At 2-year follow-up, there were 31 clinical events. In univariable analyses, overall vital exhaustion and depressive symptoms, but not fatigue, were associated with adverse prognosis; in multivariable analysis, depressive symptoms [hazard ratio (HR)=2.69; 95% confidence interval (95% CI)=1.31-5.55] remained the only predictor of clinical outcome. Among the depressive symptoms, hopelessness (HR=3.44; 95% CI=1.65-7.19) was the most cardiotoxic symptom. The incidence of clinical events was higher in the high-hopelessness patients (11% vs. 3%; P=.001) than in the low-hopelessness patients. Hopelessness (HR=3.36; 95% CI=1.58-7.14; P=.002) remained an independent predictor of clinical outcome at 2 years in adjusted analysis.

CONCLUSION

Symptoms of depression, but not fatigue, predicted adverse clinical events.

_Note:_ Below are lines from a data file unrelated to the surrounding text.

lemma polyfun_G_coeffs_comp_inverse:
  assumes "2 \<le> n" "i \<le> n"
  shows "polyfun n 2 (G_coeffs n a b (- s)) i (hmap n 2 (G_coeffs n a b s) x) = lin_form a b x ^ 3 * x i"
  using assms
  by (simp add: polyfun_G_coeffs lin_form_hmap_G_coeffs)
    (simp add: hmap_def polyfun_G_coeffs algebra_simps power3_eq_cube power2_eq_square)

lemma comp_is_id_G_coeffs:
  assumes "2 \<le> n" "a\<^sup>2 + b\<^sup>2 = 1"
  shows "comp_is_id n 2 (G_coeffs n a b (- s) :: 'k::real_normed_field coeffs) 2 (G_coeffs n a b s)"
proof -
  obtain i where "i \<le> 1" "circle_point a b i \<noteq> (0::'k)"
    using circle_point_nonzero assms(2) by blast
  moreover have "i \<le> n"
    using \<open>i \<le> 1\<close> assms(1) by simp
  ultimately have nz:
    "polyfun n 2 (G_coeffs n a b (- s)) i (hmap n 2 (G_coeffs n a b s) (circle_point a b)) \<noteq> (0::'k)"
    using assms by (simp add: polyfun_G_coeffs_comp_inverse lin_form_circle_point)
  show ?thesis
    unfolding comp_is_id_def
  proof (intro conjI allI impI)
    show "\<exists>x. \<exists>i\<le>n. polyfun n 2 (G_coeffs n a b (- s)) i (hmap n 2 (G_coeffs n a b s) x) \<noteq> (0::'k)"
      using nz \<open>i \<le> n\<close> by blast
  qed (simp_all add: assms(1) polyfun_G_coeffs_comp_inverse)
qed

lemma birational_G_coeffs:
  assumes "2 \<le> n" "a\<^sup>2 + b\<^sup>2 = 1"
  shows "birational n 2 (G_coeffs n a b s :: 'k::real_normed_field coeffs)"
  unfolding birational_def
proof (intro conjI exI[of _ 2] bexI[of _ "G_coeffs n a b (- s)"])
  show "comp_is_id n 2 (G_coeffs n a b s) 2 (G_coeffs n a b (- s) :: 'k coeffs)"
    using comp_is_id_G_coeffs[OF assms, of "- s"] by simp
qed (use G_coeffs_in_Vd[OF assms] comp_is_id_G_coeffs[OF assms] in auto)

lemma lin_form_translate:
  assumes "a\<^sup>2 + b\<^sup>2 = 1"
  shows "lin_form a b (\<lambda>k. x k + of_real t * circle_point a b k) = lin_form a b x + of_real t"
proof -
  have "lin_form a b (\<lambda>k. x k + of_real t * circle_point a b k) =
        lin_form a b x + of_real t * lin_form a b (circle_point a b)"
    by (simp add: lin_form_def circle_point_def algebra_simps)
  with assms show ?thesis
    by (simp add: lin_form_circle_point)
qed

lemma polyfun_G_coeffs_0:
  "2 \<le> n \<Longrightarrow> i \<le> n \<Longrightarrow> polyfun n 2 (G_coeffs n a b 0) i x = lin_form a b x * x i"
  by (simp add: polyfun_G_coeffs)

lemma same_map_G_coeffs_0_iff:
  assumes "2 \<le> n" "a\<^sup>2 + b\<^sup>2 = 1"
  shows "same_map n 2 (G_coeffs n a b 0) e (g :: 'k::real_normed_field coeffs) \<longleftrightarrow>
         (\<forall>x. \<forall>i\<le>n. \<forall>j\<le>n. x i * polyfun n e g j x = x j * polyfun n e g i x)"
proof
  assume same: "same_map n 2 (G_coeffs n a b 0) e g"
  show "\<forall>x. \<forall>i\<le>n. \<forall>j\<le>n. x i * polyfun n e g j x = x j * polyfun n e g i x"
  proof (intro allI impI)
    fix x :: "nat \<Rightarrow> 'k" and i j assume "i \<le> n" "j \<le> n"
    let ?f = "\<lambda>y. y i * polyfun n e g j y - y j * polyfun n e g i y"
    have "?f x = 0"
    proof (rule vanishes_if_vanishes_off_hyperplane[where f = ?f and L = "lin_form a b"
          and v = "circle_point a b"])
      show "continuous_on UNIV ?f"
        by (intro continuous_intros continuous_on_polyfun continuous_on_product_coordinates)
      show "lin_form a b (\<lambda>k. y k + of_real t * circle_point a b k) = lin_form a b y + of_real t"
        for y :: "nat \<Rightarrow> 'k" and t
        using assms(2) by (rule lin_form_translate)
      show "?f y = 0" if "lin_form a b y \<noteq> 0" for y :: "nat \<Rightarrow> 'k"
      proof -
        have "lin_form a b y * (y i * polyfun n e g j y) = lin_form a b y * (y j * polyfun n e g i y)"
          using same \<open>i \<le> n\<close> \<open>j \<le> n\<close> assms(1)
          by (simp add: same_map_def polyfun_G_coeffs_0 mult_ac)
        with that show ?thesis
          by simp
      qed
    qed
    then show "x i * polyfun n e g j x = x j * polyfun n e g i x"
      by simp
  qed
next
  assume "\<forall>x. \<forall>i\<le>n. \<forall>j\<le>n. x i * polyfun n e g j x = x j * polyfun n e g i x"
  then show "same_map n 2 (G_coeffs n a b 0) e g"
    using assms(1) by (simp add: same_map_def polyfun_G_coeffs_0 mult_ac)
qed

lemma psi_cong:
  "(\<And>e g. same_map n d h e g \<longleftrightarrow> same_map n d' h' e g) \<Longrightarrow> psi n d h = psi n d' h'"
  by (auto simp: psi_def)

lemma psi_G_coeffs_0:
  assumes "2 \<le> n" "a\<^sup>2 + b\<^sup>2 = 1"
  shows "psi n 2 (G_coeffs n a b 0 :: 'k::real_normed_field coeffs) = psi n 2 (G_coeffs n 1 0 0)"
  by (rule psi_cong) (simp add: same_map_G_coeffs_0_iff assms)

section \<open>The Euclidean topologies\<close>

lemma openin_quotient_top:
  "openin (quotient_top X f) U \<longleftrightarrow> U \<subseteq> f ` topspace X \<and> openin X {x \<in> topspace X. f x \<in> U}"
proof -
  have "{x \<in> topspace X. f x \<in> S \<inter> T} = {x \<in> topspace X. f x \<in> S} \<inter> {x \<in> topspace X. f x \<in> T}" for S T
    by blast
  moreover have "{x \<in> topspace X. f x \<in> \<Union>\<K>} = (\<Union>K\<in>\<K>. {x \<in> topspace X. f x \<in> K})" for \<K>
    by blast
  ultimately have "istopology (\<lambda>U. U \<subseteq> f ` topspace X \<and> openin X {x \<in> topspace X. f x \<in> U})"
    unfolding istopology_def by auto
  then show ?thesis
    by (simp add: quotient_top_def)
qed

lemma topspace_quotient_top: "topspace (quotient_top X f) = f ` topspace X"
proof (rule subset_antisym)
  have "openin (quotient_top X f) (topspace (quotient_top X f))"
    by (rule openin_topspace)
  then show "topspace (quotient_top X f) \<subseteq> f ` topspace X"
    by (simp only: openin_quotient_top)
  have "{x \<in> topspace X. f x \<in> f ` topspace X} = topspace X"
    by blast
  then have "openin (quotient_top X f) (f ` topspace X)"
    by (simp add: openin_quotient_top)
  then show "f ` topspace X \<subseteq> topspace (quotient_top X f)"
    by (rule openin_subset)
qed

lemma openin_BirTop:
  fixes U :: "'k::real_normed_field bir set"
  shows "openin (BirTop n) U \<longleftrightarrow> U \<subseteq> Bir n \<and> (\<forall>d\<ge>1. openin (Bir_le_top n d) (U \<inter> Bir_le n d))"
proof -
  let ?L = "\<lambda>U :: 'k bir set. U \<subseteq> Bir n \<and> (\<forall>d\<ge>1. openin (Bir_le_top n d) (U \<inter> Bir_le n d))"
  have "?L (S \<inter> T)" if "?L S" "?L T" for S T
  proof -
    have "openin (Bir_le_top n d) ((S \<inter> Bir_le n d) \<inter> (T \<inter> Bir_le n d))" if "d \<ge> 1" for d
      by (rule openin_Int) (use \<open>?L S\<close> \<open>?L T\<close> that in auto)
    then show ?thesis
      using \<open>?L S\<close> by (auto simp: Int_ac)
  qed
  moreover have "?L (\<Union>\<K>)" if "\<forall>K\<in>\<K>. ?L K" for \<K>
  proof -
    have "openin (Bir_le_top n d) (\<Union>K\<in>\<K>. K \<inter> Bir_le n d)" if "d \<ge> 1" for d
      by (rule openin_Union) (use \<open>\<forall>K\<in>\<K>. ?L K\<close> that in auto)
    then show ?thesis
      using \<open>\<forall>K\<in>\<K>. ?L K\<close> by (auto simp: Int_UN_distrib2)
  qed
  ultimately have "istopology ?L"
    unfolding istopology_def by blast
  then show ?thesis
    unfolding BirTop_def by (simp only: topology_inverse')
qed

lemma topspace_Wtop: "topspace (Wtop n d) = W n d"
  by (simp add: Wtop_def topspace_quotient_top W_def)

lemma topspace_Htop: "topspace (Htop n d) = H n d"
  by (auto simp: Htop_def topspace_Wtop H_def)

lemma topspace_Bir_le_top: "topspace (Bir_le_top n d) = Bir_le n d"
  by (simp add: Bir_le_top_def topspace_quotient_top topspace_Htop Bir_le_def)
lemma ennreal_type_code:
  "ennreal (type_code n M u a) =
    ennreal (1 / real M) * (\<Sum>i\<in>{1..M}. ennreal (1 / real n) * of_nat (card {t\<in>{1..n}. u i t = a}))"
proof -
  have "ennreal (type_code n M u a) =
      ennreal (1 / real M) * ennreal (\<Sum>i\<in>{1..M}. 1 / real n * real (card {t\<in>{1..n}. u i t = a}))"
    unfolding type_code_def type_cw_def by (rule ennreal_mult') simp
  also have "\<dots> = ennreal (1 / real M) * (\<Sum>i\<in>{1..M}. ennreal (1 / real n * real (card {t\<in>{1..n}. u i t = a})))"
    by simp
  also have "\<dots> = ennreal (1 / real M) * (\<Sum>i\<in>{1..M}. ennreal (1 / real n) * of_nat (card {t\<in>{1..n}. u i t = a}))"
    by (subst ennreal_mult') (simp_all add: ennreal_of_nat_eq_real_of_nat)
  finally show ?thesis .
qed

lemma sum_type_code_mult:
  fixes E :: "complex \<Rightarrow> ennreal"
  assumes "finite Ls" "inj_on x Ls" "\<forall>i\<in>{1..M}. \<forall>t\<in>{1..n}. u i t \<in> x ` Ls"
  shows "(\<Sum>l\<in>Ls. ennreal (type_code n M u (x l)) * E (x l)) =
    ennreal (1 / real M) * (\<Sum>i\<in>{1..M}. ennreal (1 / real n) * (\<Sum>t\<in>{1..n}. E (u i t)))"
proof -
  let ?c = "\<lambda>i l. of_nat (card {t\<in>{1..n}. u i t = x l}) :: ennreal"
  have fibres: "(\<Sum>t\<in>{1..n}. E (u i t)) = (\<Sum>l\<in>Ls. ?c i l * E (x l))" if "i \<in> {1..M}" for i
    using assms that by (intro sum_eq_sum_card_fibres) auto
  have "(\<Sum>l\<in>Ls. ennreal (type_code n M u (x l)) * E (x l)) =
      ennreal (1 / real M) * (\<Sum>i\<in>{1..M}. ennreal (1 / real n) * (\<Sum>l\<in>Ls. ?c i l * E (x l)))"
    unfolding ennreal_type_code
    by (simp add: sum_distrib_left sum_distrib_right sum.swap[of _ Ls] mult.assoc)
  also have "\<dots> = ennreal (1 / real M) * (\<Sum>i\<in>{1..M}. ennreal (1 / real n) * (\<Sum>t\<in>{1..n}. E (u i t)))"
    by (intro arg_cong[where f = "\<lambda>s. ennreal (1 / real M) * s"] sum.cong refl) (simp only: fibres)
  finally show ?thesis .
qed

Hopelessness was the most cardiotoxic symptom, associated with a more than three-fold risk of clinical events 2 years post-PCI. Screening for hopelessness may lead to the identification of high-risk patients.

摘要

目的

我们研究了疲劳、抑郁症状和绝望感对经皮冠状动脉介入治疗(PCI)患者2年随访预后的相对影响。

方法

以紫杉醇洗脱支架作为默认策略连续收治的PCI患者(n = 534)在基线时完成了马斯特里赫特问卷(MQ)。除了总体活力耗竭评分外,MQ还评估疲劳(7项;克朗巴哈系数α = 0.87)和抑郁症状(7项;克朗巴哈系数α = 0.83),绝望感(1项)包含在抑郁症状项目中。对患者进行2年的不良临床事件(死亡率和非致命性心肌梗死)随访。

结果

在2年随访时,发生了31例临床事件。在单变量分析中,总体活力耗竭和抑郁症状与不良预后相关,但疲劳与之无关;在多变量分析中,抑郁症状[风险比(HR)= 2.69;95%置信区间(95%CI)= 1.31 - 5.55]仍然是临床结局的唯一预测因素。在抑郁症状中,绝望感(HR = 3.44;95%CI = 1.65 - 7.19)是最具心脏毒性的症状。高绝望感患者的临床事件发生率(11%对3%;P = 0.001)高于低绝望感患者。在调整分析中,绝望感(HR = 3.36;95%CI = 1.58 - 7.14;P = 0.002)仍然是2年时临床结局的独立预测因素。

结论

抑郁症状而非疲劳可预测不良临床事件。绝望感是最具心脏毒性的症状,与PCI术后2年临床事件风险增加三倍以上相关。筛查绝望感可能有助于识别高危患者。